Madame Jodelle KAYO, point focal OCoPP à Positive-Generation« L’approche communautaire du projet OCoPP nous amène à nous déployer au niveau périphérique de la pyramide sanitaire, notamment dans la mise en œuvre, en prenant en compte les communautés, leurs représentants (que sont les OBC), sans oublier les formations sanitaires des différents districts. »
Quels sont les grands défis auxquels ce projet réponds ?
S. P. Le premier des défis, c’est de s’assurer de la pertinence du projet en relation avec les différentes politiques de santé publique du pays. Au Cameroun par exemple, les acteurs communautaires ont besoin d’être valorisés, en se voyant attribuer des prérogatives élargies et en bénéficiant d’une plus grande autonomie par rapport aux structures sanitaires publiques.
Nous allons également mettre en place un outil innovant, sous forme d’application numérique. Il va falloir le faire adopter par une population encore peu habituée aux plateformes de santé mobile.
H. O. La mise en place d’un observatoire nécessite également un transfert de compétences au profit des communautés. Les communautés vont gérer les soins primaires, dispenser les médicaments et devoir réguler les distributions pour éviter la rupture des stocks, la mauvaise gestion et les faux médicaments par exemple.
Le projet sert aussi à recentrer les acteurs communautaires autour de leur mission de veille. Ils ne doivent pas être de simples prestataires de services, mais doivent renforcer leurs capacités en soins primaires.
Quels ont été les résultats de vos analyses situationnelles des différents sites ?

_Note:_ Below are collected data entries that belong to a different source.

lemma length_flip [simp]: "length (flip i x) = length x"
  by (simp add: flip_def)

lemma nth_flip: "i < length x \<Longrightarrow> flip i x ! j = (if j = i then \<not> x ! i else x ! j)"
  by (auto simp: flip_def nth_list_update)

lemma flip_beyond: "\<not> i < length x \<Longrightarrow> flip i x = x"
  unfolding flip_def by (rule list_update_beyond) simp

lemma flip_flip [simp]: "flip i (flip i x) = x"
  using flip_beyond[of i x] flip_beyond[of i "flip i x"]
  by (cases "i < length x") (auto simp: flip_def)

lemma flip_commute: "flip i (flip j x) = flip j (flip i x)"
  by (cases "i < length x"; cases "j < length x")
    (auto intro!: nth_equalityI simp: nth_flip flip_beyond)

lemma flip_in_verts_iff [simp]: "flip i x \<in> verts D \<longleftrightarrow> x \<in> verts D"
  by (simp add: verts_def)

lemma flip_eq_flip_iff: "i < length x \<Longrightarrow> j < length x \<Longrightarrow> flip i x = flip j x \<longleftrightarrow> i = j"
  by (metis nth_flip)

lemma flip_flip_nth:
  assumes "m < length x" "n < length x"
  shows "flip n (flip m x) ! i = (if (i = m) = (i = n) then x ! i else \<not> x ! i)"
  using assms by (auto simp: nth_flip)

lemma sign_at_flip: "i < length x \<Longrightarrow> sign_at j (flip i x) = (if j = i then - sign_at j x else sign_at j x)"
  by (auto simp: sign_at_def nth_flip)

lemma sign_at_replicate_False: "j < D \<Longrightarrow> sign_at j (replicate D False) = 1"
  by (simp add: sign_at_def nth_replicate)

lemma finite_verts [simp]: "finite (verts D)"
  using finite_lists_length_eq[of "UNIV :: bool set" D] by (simp add: verts_def)

lemma adj_iff_flip:
  assumes "x \<in> verts D"
  shows "adj D x y \<longleftrightarrow> (\<exists>i<D. y = flip i x)"
proof
  assume "adj D x y"
  then have y: "y \<in> verts D" and "card {i. i < D \<and> x ! i \<noteq> y ! i} = 1"
    by (auto simp: adj_def)
  then obtain i where i: "{i. i < D \<and> x ! i \<noteq> y ! i} = {i}"
    by (meson card_1_singletonE)
  then have "i < D"
    by auto
  moreover have "y = flip i x"
  proof (rule nth_equalityI)
    show "length y = length (flip i x)"
      using y assms by (simp add: verts_def)
    fix j
    assume "j < length y"
    then have "j < D"
      using y by (simp add: verts_def)
    then show "y ! j = flip i x ! j"
      using i \<open>i < D\<close> assms by (auto simp: nth_flip verts_def)
  qed
  ultimately show "\<exists>i<D. y = flip i x"
    by blast
next
  assume "\<exists>i<D. y = flip i x"
  then obtain i where i: "i < D" "y = flip i x"
    by blast
  then have "{j. j < D \<and> x ! j \<noteq> y ! j} = {i}"
    using assms by (auto simp: nth_flip verts_def)
  then show "adj D x y"
    using assms i by (simp add: adj_def)
qed

lemma adj_commute: "adj D x y = adj D y x"
proof -
  have "{i. i < D \<and> x ! i \<noteq> y ! i} = {i. i < D \<and> y ! i \<noteq> x ! i}"
    by auto
  then show ?thesis
    by (auto simp: adj_def)
qed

H. O. Nous avions d’abord identifié les trois sites sentinelles qui accueilleraient ces observatoires communautaires. Pour s’assurer de la bonne mise en place des outils d’alerte et de veille, nous devions faire le point sur les capacités des communautés à s’organiser et à prendre en charge les trois pathologies phares que sont le VIH, le paludisme et la tuberculose.
S. P. Cette analyse nous a notamment permis de constater qu’il existe une vraie demande de formation au niveau communautaire, notamment pour la mise en place d’un « paquet minimum d’activités pharmaceutiques ». Cela fournirait aux membres des observatoires la base des normes sur les ressources utiles pour atteindre les objectifs minimums de gestion des stocks et de dispensation.
La question du genre est de plus en plus intégrée dans les projets de développement. Comment avez-vous particulièrement intégré les femmes dans ce projet ? Et en quoi est-ce important sur la question des produits de santé ?
S. P. C’est vrai que cela peut paraître étonnant de parler de genre et de médicaments. Or il s’agit d’un aspect central au bon fonctionnement du système de santé et de l’accès aux médicaments. Dans la mesure où les femmes – et leurs enfants – sont les principales bénéficiaires des structures de santé, elles doivent être placées au cœur de notre projet. Leurs besoins doivent être prioritaires, qu’il s’agisse de contraceptifs ou autres produits destinés aux femmes.
H. O. Au Burkina Faso, les soins sont gratuits pour les femmes enceintes et pour les enfants de moins de cinq ans. La disponibilité des produits pharmaceutiques au profit des femmes doit donc être au centre de notre action. Ce sont également les femmes, avant tout, qui fréquentent les formations sanitaires. Mettre les femmes au premier plan permet de libérer leur parole et ainsi de favoriser une meilleure veille sur la disponibilité des médicaments dont elles ont besoin.